Methods: Human dental pulp stem cells (DPSC) and murine pre-osteoblasts (MC3T3-E1) cells were cultured on zirconia and titanium surfaces, and at 3-, 12-, and 24-hour intervals, cell viability and morphology were determined with tetrazolium based colorimetric assay, scanning electron microscopy, and immunofluorescence analysis. The in situ reactive oxygen species level of both cells on each material surface was examined after 24-hour culture.

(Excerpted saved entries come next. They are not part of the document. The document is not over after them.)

lemma covolume_le_5_llr:
  assumes s2: "(a + 2 * g, b - 2 * d, g, d) \<in> A"
    and bounds: "0 \<le> a" "a \<le> 1" "0 \<le> g" "g \<le> 1" "2 < a + 2 * g" "0 \<le> d" "2 * d \<le> b" "b \<le> 3 * d" "b \<le> 4"
  shows "a * d + b * g \<le> 5"
proof -
  have s3: "(a + 2 * g, b - 2 * d, a + 3 * g, 3 * d - b) \<in> A"
    by (rule reduce_r[OF s2]) (use bounds in linarith)+
  show ?thesis
  proof (cases "2 * a + 5 * g \<le> 6")
    case W3: True
    show ?thesis
    proof (cases "5 * d \<le> 2 * b")
      case True
      show ?thesis by (rule bilinear_le_by_heights[of b 4 d "8/5"]) (use W3 True bounds in linarith)+
    next
      case False
      have "(a + 2 * g, b - 2 * d, 2 * a + 5 * g, 5 * d - 2 * b) \<in> A"
        by (rule reduce_r[OF s3]) (use False in linarith)+
      then have H4: "3 * d - b \<le> 1" using height_bound(5) bounds by fastforce
      show ?thesis by (rule bilinear_le_by_heights[of b 4 d "5/3"]) (use H4 W3 bounds in linarith)+
    qed
  next
    case False
    then have H3: "d \<le> 1" using height_bound(5)[OF s3] by linarith
    show ?thesis by (rule bilinear_le_by_widths[of a 1 g 1]) (use H3 bounds in linarith)+
  qed
qed

lemma covolume_le_5_ll:
  assumes s0: "(a, b, g, d) \<in> A" and bounds: "a \<le> 1" "g \<le> 1" "1 < a + g" "2 * d \<le> b"
  shows "a * d + b * g \<le> 5"
proof -
  note nonneg = state_nonneg[OF s0]
  have s1: "(a + g, b - d, g, d) \<in> A" by (rule reduce_l[OF s0]) (use nonneg bounds in linarith)+
  have s2: "(a + 2 * g, b - 2 * d, g, d) \<in> A" by (rule reduce_l[OF s1]) (use bounds in linarith)+
  have H0: "b + d \<le> 6" using height_bound(1)[OF s0] bounds by linarith
  show ?thesis
  proof (cases "a + 3 * g \<le> 2")
    case True
    show ?thesis by (rule bilinear_le_by_widths[of a 1 g "1/2"]) (use True H0 nonneg bounds in linarith)+
  next
    case False
    then have H2: "b - d \<le> 4" using height_bound(2)[OF s2] by linarith
    show ?thesis
    proof (cases "a + 2 * g \<le> 2")
      case True
      show ?thesis by (rule bilinear_le_by_heights[of b 5 d 2]) (use True H0 H2 nonneg bounds in linarith)+
    next
      case False
      then have H1: "b \<le> 4" using height_bound(2)[OF s1] by linarith
      show ?thesis
      proof (cases "3 * d \<le> b")
        case True
        have "(a + 3 * g, b - 3 * d, g, d) \<in> A" by (rule reduce_l[OF s2]) (use True in linarith)+
        then show ?thesis by (rule covolume_le_5_lll) (use True False H1 nonneg bounds in linarith)+
      next
        case True: False
        show ?thesis by (rule covolume_le_5_llr[OF s2]) (use True False H1 nonneg bounds in linarith)+
      qed
    qed
  qed
qed

lemma covolume_le_5_lrr:
  assumes s2: "(a + g, b - d, a + 2 * g, 2 * d - b) \<in> A"
    and bounds: "0 \<le> a" "a \<le> 1" "0 \<le> g" "g \<le> 1" "2 < a + 2 * g" "0 \<le> b" "b + d \<le> 6" "2 * b \<le> 3 * d"
  shows "a * d + b * g \<le> 5"
proof (cases "2 * a + 3 * g \<le> 4")
  case W2: True
  show ?thesis
  proof (cases "4 * d \<le> 3 * b")
    case True
    show ?thesis by (rule bilinear_le_by_heights[of b "18/5" d "18/7"]) (use W2 True bounds in linarith)+
  next
    case False
    have s3: "(a + g, b - d, 2 * a + 3 * g, 3 * d - 2 * b) \<in> A"
      by (rule reduce_r[OF s2]) (use bounds in linarith)+
    show ?thesis
    proof (cases "3 * a + 4 * g \<le> 4")
      case True
      show ?thesis by (rule bilinear_le_by_widths[of a 0 g 1]) (use True False bounds in linarith)+
    next
      case W3: False
      then have H3: "2 * d - b \<le> 2" using height_bound(4)[OF s3] by linarith
      show ?thesis by (rule bilinear_le_by_heights[of b "24/7" d "8/3"]) (use H3 W2 False bounds in linarith)+
    qed
  qed
next
  case False
  then have H2: "d \<le> 2" using height_bound(4)[OF s2] by linarith
  show ?thesis by (rule bilinear_le_by_widths[of a 1 g 1]) (use H2 bounds in linarith)+
qed

lemma covolume_le_5_lr:
  assumes s0: "(a, b, g, d) \<in> A" and bounds: "a \<le> 1" "g \<le> 1" "1 < a + g" "d \<le> b" "b \<le> 2 * d"
  shows "a * d + b * g \<le> 5"
proof -
  note nonneg = state_nonneg[OF s0]
  have s1: "(a + g, b - d, g, d) \<in> A" by (rule reduce_l[OF s0]) (use bounds in linarith)+
  have s2: "(a + g, b - d, a + 2 * g, 2 * d - b) \<in> A" by (rule reduce_r[OF s1]) (use bounds in linarith)+
  have H0: "b + d \<le> 6" using height_bound(1)[OF s0] bounds by linarith
  show ?thesis
  proof (cases "a + 2 * g \<le> 2")
    case True
    show ?thesis by (rule bilinear_le_by_heights[of b 4 d 3]) (use True H0 nonneg bounds in linarith)+
  next
    case W1: False
    then have H1: "b \<le> 4" using height_bound(2)[OF s1] by linarith
    show ?thesis
    proof (cases "3 * d \<le> 2 * b")
      case True
      have s3: "(2 * a + 3 * g, 2 * b - 3 * d, a + 2 * g, 2 * d - b) \<in> A"
        by (rule reduce_l[OF s2]) (use True in linarith)+
      show ?thesis
      proof (cases "3 * a + 5 * g \<le> 6")
        case W3: True
        show ?thesis
          by (rule bilinear_le_by_heights[of b 4 d "12/5"]) (use W3 True H0 H1 nonneg bounds in linarith)+
      next
        case False
        then have H3: "b - d \<le> 1" using height_bound(5)[OF s3] by linarith
        show ?thesis by (rule bilinear_le_by_widths[of a 1 g 1]) (use H3 True nonneg bounds in linarith)+
      qed
    next
      case False
      show ?thesis by (rule covolume_le_5_lrr[OF s2]) (use False W1 H0 nonneg bounds in linarith)+
    qed
  qed
qed

lemma covolume_le_5_l:
  assumes "(a, b, g, d) \<in> A" "a \<le> 1" "g \<le> 1" "1 < a + g" "d \<le> b"
  shows "a * d + b * g \<le> 5"
proof (cases "2 * d \<le> b")
  case True
  then show ?thesis using covolume_le_5_ll assms by blast
next
  case False
  then show ?thesis using covolume_le_5_lr assms by simp
qed

end

text \<open>The basis \<open>swap_basis (a, b, g, d)\<close> is the mirror image of (a, b, g, d) in the vertical axis.\<close>

fun swap_basis :: "real \<times> real \<times> real \<times> real \<Rightarrow> real \<times> real \<times> real \<times> real" where
  "swap_basis (a, b, g, d) = (g, d, a, b)"

lemma swap_basis_mem_image_iff: "(g, d, a, b) \<in> swap_basis ` A \<longleftrightarrow> (a, b, g, d) \<in> A"
proof
  assume "(g, d, a, b) \<in> swap_basis ` A"
  then obtain a' b' g' d' where "(a', b', g', d') \<in> A" "(g, d, a, b) = swap_basis (a', b', g', d')"
    by (metis imageE prod_cases4)
  then show "(a, b, g, d) \<in> A" by simp
next
  assume "(a, b, g, d) \<in> A"
  then show "(g, d, a, b) \<in> swap_basis ` A" by (rule rev_image_eqI) simp
qed

lemma reduction_closed_swap_basis:
  assumes "reduction_closed A"
  shows "reduction_closed (swap_basis ` A)"
  unfolding reduction_closed_def
proof (intro allI impI conjI)
  fix g d a b assume "(g, d, a, b) \<in> swap_basis ` A"
  then have s: "(a, b, g, d) \<in> A" by (simp add: swap_basis_mem_image_iff)
  show "(g + a, d - b, a, b) \<in> swap_basis ` A" if "b \<le> d"
    using assms s that unfolding reduction_closed_def swap_basis_mem_image_iff by blast
  show "(g, d, a + g, b - d) \<in> swap_basis ` A" if "d \<le> b"
    using assms s that unfolding reduction_closed_def swap_basis_mem_image_iff by blast
qed

lemma box_admissible_swap_basis:
  assumes "box_admissible F A"
  shows "box_admissible F (swap_basis ` A)"
  unfolding box_admissible_def
proof (intro allI impI)
  fix g d a b assume "(g, d, a, b) \<in> swap_basis ` A"
  with assms show "0 \<le> g \<and> 0 \<le> d \<and> 0 \<le> a \<and> 0 \<le> b \<and>
      (\<forall>R\<in>F. \<not> (fst R < g + a \<and> snd R < d + b))"
    unfolding box_admissible_def swap_basis_mem_image_iff by (simp add: add.commute)
qed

Results: Both DPSC and MC3T3-E1 cells revealed comparable morphological features during 24-hour cell adhesion processes, with cells continued expanding of cell size and increasing of cell viability on titanium and zirconia surfaces during 24-hour culture. Zirconia demonstrated relatively higher mean cell viability compared to titanium within 24-hour culture, with significantly higher DPSC viability at 12 hours after seeding (P < 0.05). Relatively higher mean reactive oxygen species levels in both DPSC and MC3T3E1 were found on zirconia surfaces after 24-hour culture compared to titanium.
Conclusions: From the results, zirconia as a potential dental implant substrate demonstrated equivalent or better initial cellular responses compared to titanium.
Keywords: cell adhesion; dental implant; reactive oxygen species; titanium; zirconia.
© 2019 John Wiley & Sons Australia, Ltd.